A major benefit of this approach would be the ability to leverage the efforts of some of the greatest scientists of our time working on solving a problem that is considered to be of high priority. Cancer research gets massive funding. Alignment research does not. If the problem structure is at least partly isomorphic, translation should be both possible and beneficial.
Comment
Personally, I think the cancer analogy is ok, but I strongly predict that cancer treatment/prevention won’t provide good inspiration for inner alignment. For example, we can already conceive of the idea of scanning for mesa-optimization and surgically removing it (we don’t need any analogy for that), but we don’t know how to do it, and details of medical scans and radiation therapy etc don’t seem usefully analogous.
I think you should be careful to not mix an analogy and an isomorphism. I agree that there is a pretty natural analogy with the cancer case, but it falls far short of an isomorphism at the moment. You don’t have an argument to say that the mechanism used by cancer cells are similar to those creating mesa-optimizers, that the process creating them is similar, etc I’m not saying that such a lower level correspondence doesn’t exist. Just that saying "Look, the very general idea is similar" is not a strong enough argument for such a correspondence.
Comment
All analogies rely on isomorphisms. They simply refer to shared patterns. A good analogy captures many structural regularities that are shared between two different things while a bad one captures only a few.

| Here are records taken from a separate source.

(* Let $p$ be a positive continuous even function on $(-1,1)$ such that no nontrivial solution $u$ of $u''+pu=0$ has more than one zero in $(-1,1)$, and let $F$ be the solution of $\mathcal{S}F=2p$ on $(-1,1)$ with $F(0)=0$, $F'(0)=1$, $F''(0)=0$. Let $\varphi:(-1,1)\to\mathbb{R}^n$ be a $C^3$ curve with $\varphi'(x)\neq 0$ for all $x$, normalized by $\varphi(0)=0$, $|\varphi'(0)|=1$ and $\langle\varphi'(0),\varphi''(0)\rangle=0$. If $S_1\varphi(x)\le 2p(x)$ for all $x\in(-1,1)$, then for all $x\in(-1,1)$: (a) $|\varphi'(x)|\le F'(x)$, and (b) $\dfrac{|\varphi'(x)|}{1+|\varphi(x)|^2}\le \dfrac{F'(x)}{1+F(x)^2}$.
   Context: For a real function $g$ with $g'\neq0$, the Schwarzian derivative is $\mathcal{S}g=(g''/g')'-\tfrac12(g''/g')^2$. Equivalently, $F(x)=\int_0^x u_0(t)^{-2}\,dt$, where $u_0$ is the solution of $u''+pu=0$ with $u_0(0)=1$, $u_0'(0)=0$; $u_0$ has no zeros on $(-1,1)$, and $F$ is odd, strictly increasing, with $F'>0$. For a $C^3$ curve $\varphi$ on an interval into $\mathbb{R}^n$ with $\varphi'\neq0$, the Ahlfors Schwarzian is $$S_1\varphi=\frac{\langle\varphi',\varphi'''\rangle}{|\varphi'|^2}-3\frac{\langle\varphi',\varphi''\rangle^2}{|\varphi'|^4}+\frac32\frac{|\varphi''|^2}{|\varphi'|^2},$$ where $\langle\cdot,\cdot\rangle$ is the Euclidean inner product and $|\cdot|$ the Euclidean norm. *)

theory Defs
  imports "HOL-Analysis.Analysis"
begin

definition schwarzian :: "(real \<Rightarrow> real) \<Rightarrow> real \<Rightarrow> real" where
  "schwarzian g x =
     deriv (\<lambda>t. deriv (deriv g) t / deriv g t) x - 1/2 * (deriv (deriv g) x / deriv g x)^2"

definition vd :: "(real \<Rightarrow> 'a::real_normed_vector) \<Rightarrow> real \<Rightarrow> 'a" where
  "vd \<phi> x = vector_derivative \<phi> (at x)"

definition ahlfors_S1 :: "(real \<Rightarrow> 'a::real_inner) \<Rightarrow> real \<Rightarrow> real" where
  "ahlfors_S1 \<phi> x =
     (vd \<phi> x \<bullet> vd (vd (vd \<phi>)) x) / (norm (vd \<phi> x))^2
     - 3 * (vd \<phi> x \<bullet> vd (vd \<phi>) x)^2 / (norm (vd \<phi> x))^4
     + 3/2 * (norm (vd (vd \<phi>) x))^2 / (norm (vd \<phi> x))^2"

definition disconjugate :: "(real \<Rightarrow> real) \<Rightarrow> bool" where
  "disconjugate p \<longleftrightarrow>
     (\<forall>u. ((\<forall>x\<in>{-1<..<1}. u differentiable at x \<and> deriv u differentiable at x \<and>
              deriv (deriv u) x + p x * u x = 0)
           \<and> (\<exists>x\<in>{-1<..<1}. u x \<noteq> 0))
       \<longrightarrow> \<not> (\<exists>a\<in>{-1<..<1}. \<exists>b\<in>{-1<..<1}. a \<noteq> b \<and> u a = 0 \<and> u b = 0))"

end

theory Submission
  imports Defs
begin

text \<open>
  Both estimates are instances of one inequality, valid for every real \<open>\<epsilon>\<close>:
  \<open>|\<phi>'| / (1 + \<epsilon>\<^sup>2 |\<phi>|\<^sup>2) \<le> F' / (1 + \<epsilon>\<^sup>2 F\<^sup>2)\<close>; part (a) is \<open>\<epsilon> = 0\<close>, part (b) is \<open>\<epsilon> = 1\<close>.
  For the model, \<open>\<S>F = 2 p\<close> means that \<open>u = (F')\<^sup>-\<^sup>1\<^sup>/\<^sup>2\<close> and \<open>u F\<close> solve \<open>u'' + p u = 0\<close>, so
  \<open>Y = (1 + \<epsilon> c F) / \<surd>F'\<close> is a solution.  For the curve, the weight
  \<open>h = (1 + \<epsilon>\<^sup>2 |\<phi>|\<^sup>2) / |\<phi>'|\<close> satisfies \<open>2 h h'' - h'\<^sup>2 + 2 (S\<^sub>1\<phi>) h\<^sup>2 - 4 \<epsilon>\<^sup>2 = |X|\<^sup>2\<close> for an
  explicit vector \<open>X\<close>, so \<open>S\<^sub>1\<phi> \<le> 2 p\<close> turns \<open>y = \<surd>h (cos \<theta> + c sin \<theta>)\<close>, \<open>\<theta>' = \<epsilon> / h\<close>, into a
  subsolution \<open>y'' + p y \<ge> 0\<close> (where \<open>y \<ge> 0\<close>).  Both have the same data at \<open>0\<close>; a Sturm
  comparison gives \<open>Y \<le> y\<close> on the segment from \<open>0\<close> to \<open>x\<close>, and with \<open>c = \<epsilon> F(x)\<close> and
  \<open>cos \<theta> + c sin \<theta> \<le> \<surd>(1 + c\<^sup>2)\<close> this is the inequality at \<open>x\<close>.
\<close>

abbreviation has_derivs2 :: "(real \<Rightarrow> real) \<Rightarrow> (real \<Rightarrow> real) \<Rightarrow> real \<Rightarrow> real \<Rightarrow> bool" where
  "has_derivs2 y y1 d2 t \<equiv> (y has_real_derivative y1 t) (at t) \<and> (y1 has_real_derivative d2) (at t)"

text \<open>Sturm comparison on an interval where the subsolution \<open>y\<close> (\<open>y'' + q y \<ge> 0\<close> where \<open>y \<ge> 0\<close>)
  is known to be nonnegative, against a positive supersolution \<open>Y\<close> with the same initial data:
  the Wronskian \<open>y' Y - y Y'\<close> is nondecreasing, hence so is \<open>y / Y\<close>.\<close>
lemma comparison_while_nonneg:
  fixes y y1 y2 Y Y1 Y2 q :: "real \<Rightarrow> real"
  assumes "a < b"
    and dy: "\<And>t. t \<in> {a..b} \<Longrightarrow> has_derivs2 y y1 (y2 t) t"
    and dY: "\<And>t. t \<in> {a..b} \<Longrightarrow> has_derivs2 Y Y1 (Y2 t) t"
    and Y_pos: "\<And>t. t \<in> {a..b} \<Longrightarrow> 0 < Y t"
    and Y_super: "\<And>t. t \<in> {a..b} \<Longrightarrow> Y2 t + q t * Y t \<le> 0"
    and y_sub: "\<And>t. t \<in> {a..b} \<Longrightarrow> 0 \<le> y t \<Longrightarrow> 0 \<le> y2 t + q t * y t"
    and y_nonneg: "\<And>t. t \<in> {a<..<b} \<Longrightarrow> 0 \<le> y t"
    and init: "y a = Y a" "y1 a = Y1 a"
  shows "Y b \<le> y b"
proof -
  define W where "W t = y1 t * Y t - y t * Y1 t" for t
  have dW: "(W has_real_derivative y2 t * Y t - y t * Y2 t) (at t)" if "t \<in> {a..b}" for t
    unfolding W_def[abs_def] using dy[OF that] dY[OF that]
    by (auto intro!: derivative_eq_intros simp: algebra_simps)
  have dW_nonneg: "0 \<le> y2 t * Y t - y t * Y2 t" if "t \<in> {a<..<b}" for t
  proof -
    have t: "t \<in> {a..b}" using that by auto
    have "y2 t * Y t - y t * Y2 t = (y2 t + q t * y t) * Y t - y t * (Y2 t + q t * Y t)"
      by (simp add: algebra_simps)
    moreover have "0 \<le> (y2 t + q t * y t) * Y t"
      using y_sub[OF t y_nonneg[OF that]] Y_pos[OF t] by simp
    moreover have "y t * (Y2 t + q t * Y t) \<le> 0"
      using y_nonneg[OF that] Y_super[OF t] by (simp add: mult_nonneg_nonpos)
    ultimately show ?thesis by linarith
  qed
  have W_nonneg: "0 \<le> W t" if "t \<in> {a..b}" for t
  proof -
    have "W a \<le> W t"
    proof (rule DERIV_nonneg_imp_increasing_open[of a t W])
      show "continuous_on {a..t} W"
        using that by (intro continuous_at_imp_continuous_on ballI DERIV_isCont[OF dW]) auto
      show "\<exists>z. (W has_real_derivative z) (at x) \<and> 0 \<le> z" if "a < x" "x < t" for x
        using that \<open>t \<in> {a..b}\<close> dW[of x] dW_nonneg[of x] by auto
    qed (use that in auto)
    then show ?thesis using init by (simp add: W_def)
  qed
  have "y a / Y a \<le> y b / Y b"
  proof (rule DERIV_nonneg_imp_increasing_open[of a b "\<lambda>t. y t / Y t"])
    fix t assume "a < t" "t < b"
    then have t: "t \<in> {a..b}" by auto
    have "((\<lambda>t. y t / Y t) has_real_derivative W t / (Y t)\<^sup>2) (at t)"
      using dy[OF t] dY[OF t] Y_pos[OF t]
      by (auto intro!: derivative_eq_intros simp: W_def power2_eq_square)
    then show "\<exists>z. ((\<lambda>t. y t / Y t) has_real_derivative z) (at t) \<and> 0 \<le> z"
      using W_nonneg[OF t] by auto
  next
    show "continuous_on {a..b} (\<lambda>t. y t / Y t)"
      using dy dY Y_pos by (intro continuous_at_imp_continuous_on ballI continuous_intros DERIV_isCont)
        (auto, fastforce+)
  qed (use \<open>a < b\<close> in simp)
  then show ?thesis using init Y_pos[of a] Y_pos[of b] \<open>a < b\<close> by (simp add: field_simps)
qed

text \<open>Sturm comparison to the right of the initial point: the subsolution \<open>y\<close> cannot vanish
  before the positive supersolution \<open>Y\<close> does, so the previous lemma applies on all of \<open>[a, b]\<close>.\<close>
lemma comparison_right:
  fixes y y1 y2 Y Y1 Y2 q :: "real \<Rightarrow> real"
  assumes "a < b"
    and dy: "\<And>t. t \<in> {a..b} \<Longrightarrow> has_derivs2 y y1 (y2 t) t"
    and dY: "\<And>t. t \<in> {a..b} \<Longrightarrow> has_derivs2 Y Y1 (Y2 t) t"
    and Y_pos: "\<And>t. t \<in> {a..b} \<Longrightarrow> 0 < Y t"
    and Y_super: "\<And>t. t \<in> {a..b} \<Longrightarrow> Y2 t + q t * Y t \<le> 0"
    and y_sub: "\<And>t. t \<in> {a..b} \<Longrightarrow> 0 \<le> y t \<Longrightarrow> 0 \<le> y2 t + q t * y t"
    and init: "y a = Y a" "y1 a = Y1 a"
  shows "Y b \<le> y b"
proof -
  note compare = comparison_while_nonneg[of a _ y y1 y2 Y Y1 Y2 q]
  have y_pos: "0 < y t" if t: "t \<in> {a..b}" for t
  proof (rule ccontr)
    assume "\<not> 0 < y t"
    define Z where "Z = {s \<in> {a..b}. y s \<le> 0}"
    have "continuous_on {a..b} y"
      using dy by (intro continuous_at_imp_continuous_on ballI DERIV_isCont) blast
    then have "closed Z"
      unfolding Z_def by (rule continuous_on_closed_Collect_le) auto
    moreover have "Z \<noteq> {}" using t \<open>\<not> 0 < y t\<close> unfolding Z_def by auto
    moreover have "bdd_below Z" unfolding Z_def by (rule bdd_belowI[of _ a]) auto
    ultimately have "Inf Z \<in> Z" by (intro closed_contains_Inf)
    define t1 where "t1 = Inf Z"
    have t1: "t1 \<in> {a..b}" "y t1 \<le> 0" using \<open>Inf Z \<in> Z\<close> unfolding t1_def Z_def by auto
    have "a < t1" using t1 init Y_pos[of a] by (cases "t1 = a") auto
    have "0 \<le> y s" if "s \<in> {a<..<t1}" for s
    proof (rule ccontr)
      assume "\<not> 0 \<le> y s"
      then have "s \<in> Z" using that t1 unfolding Z_def by auto
      then have "t1 \<le> s" unfolding t1_def using \<open>bdd_below Z\<close> by (rule cInf_lower)
      then show False using that by auto
    qed
    then have "Y t1 \<le> y t1"
      using t1 \<open>a < t1\<close> by (intro compare) (auto intro!: dy dY Y_pos Y_super y_sub init)
    then show False using Y_pos[OF t1(1)] t1(2) by auto
  qed
  show ?thesis
    by (rule compare[OF \<open>a < b\<close> dy dY Y_pos Y_super y_sub _ init]) (use y_pos in \<open>auto simp: less_imp_le\<close>)
qed

text \<open>Sturm comparison on either side of the initial point \<open>x\<^sub>0\<close>; the left side reduces to the
  right side by the reflection \<open>t \<mapsto> -t\<close>, which preserves the differential inequalities.\<close>
lemma sturm_comparison:
  fixes y y1 y2 Y Y1 Y2 q :: "real \<Rightarrow> real" and x0 x :: real
  defines "J \<equiv> {min x0 x..max x0 x}"
  assumes dy: "\<And>t. t \<in> J \<Longrightarrow> has_derivs2 y y1 (y2 t) t"
    and dY: "\<And>t. t \<in> J \<Longrightarrow> has_derivs2 Y Y1 (Y2 t) t"
    and Y_pos: "\<And>t. t \<in> J \<Longrightarrow> 0 < Y t"
    and Y_super: "\<And>t. t \<in> J \<Longrightarrow> Y2 t + q t * Y t \<le> 0"
    and y_sub: "\<And>t. t \<in> J \<Longrightarrow> 0 \<le> y t \<Longrightarrow> 0 \<le> y2 t + q t * y t"
    and init: "y x0 = Y x0" "y1 x0 = Y1 x0"
  shows "Y x \<le> y x"
proof (cases x0 x rule: linorder_cases)
  case less
  then show ?thesis
    using comparison_right[of x0 x y y1 y2 Y Y1 Y2 q] assms by auto
next
  case equal
  then show ?thesis using init by simp
next
  case greater
  have mirror: "-t \<in> J" if "t \<in> {-x0..-x}" for t using that greater unfolding J_def by auto
  have "Y (- (- x)) \<le> y (- (- x))"
  proof (rule comparison_right[of "-x0" "-x" "\<lambda>t. y (-t)" "\<lambda>t. - y1 (-t)" "\<lambda>t. y2 (-t)"
        "\<lambda>t. Y (-t)" "\<lambda>t. - Y1 (-t)" "\<lambda>t. Y2 (-t)" "\<lambda>t. q (-t)"])
    fix t assume t: "t \<in> {-x0..-x}"
    show "has_derivs2 (\<lambda>t. y (-t)) (\<lambda>t. - y1 (-t)) (y2 (- t)) t"
      using dy[OF mirror[OF t]] by (auto simp: DERIV_mirror dest: DERIV_minus)
    show "has_derivs2 (\<lambda>t. Y (-t)) (\<lambda>t. - Y1 (-t)) (Y2 (- t)) t"
      using dY[OF mirror[OF t]] by (auto simp: DERIV_mirror dest: DERIV_minus)
  qed (use greater init Y_pos Y_super y_sub mirror in auto)
  then show ?thesis by simp
qed

lemma sqrt_derivs2:
  fixes h h1 :: "real \<Rightarrow> real"
  assumes "0 < h t" and "has_derivs2 h h1 h2 t"
  shows "has_derivs2 (\<lambda>x. sqrt (h x)) (\<lambda>x. h1 x / (2 * sqrt (h x)))
           ((2 * h t * h2 - (h1 t)\<^sup>2) / (4 * h t * sqrt (h t))) t"
proof -
  have "sqrt (h t) * sqrt (h t) = h t" using assms by simp
  then show ?thesis
    using assms by (auto intro!: derivative_eq_intros simp: field_simps power2_eq_square)
qed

The field of complex adaptive systems (CADs) is dedicated to the study of structural regularities between various systems operating under similar constraints. Ant colony optimization and simulated annealing can be used to solve an extremely wide range of problems because there are many structural regularities to CADs.
I worry that a myopic focus will result in a lot of time wasted on lines of inquiry that have parallels in a number of different fields. If we accept that the problem of inner alignment can be formalized, it would be very surprising to find that the problem is unique in the sense that it has no parallels in nature. Especially considering the obvious general analogy to the problem of cancer which may or may not provide insight to the alignment problem.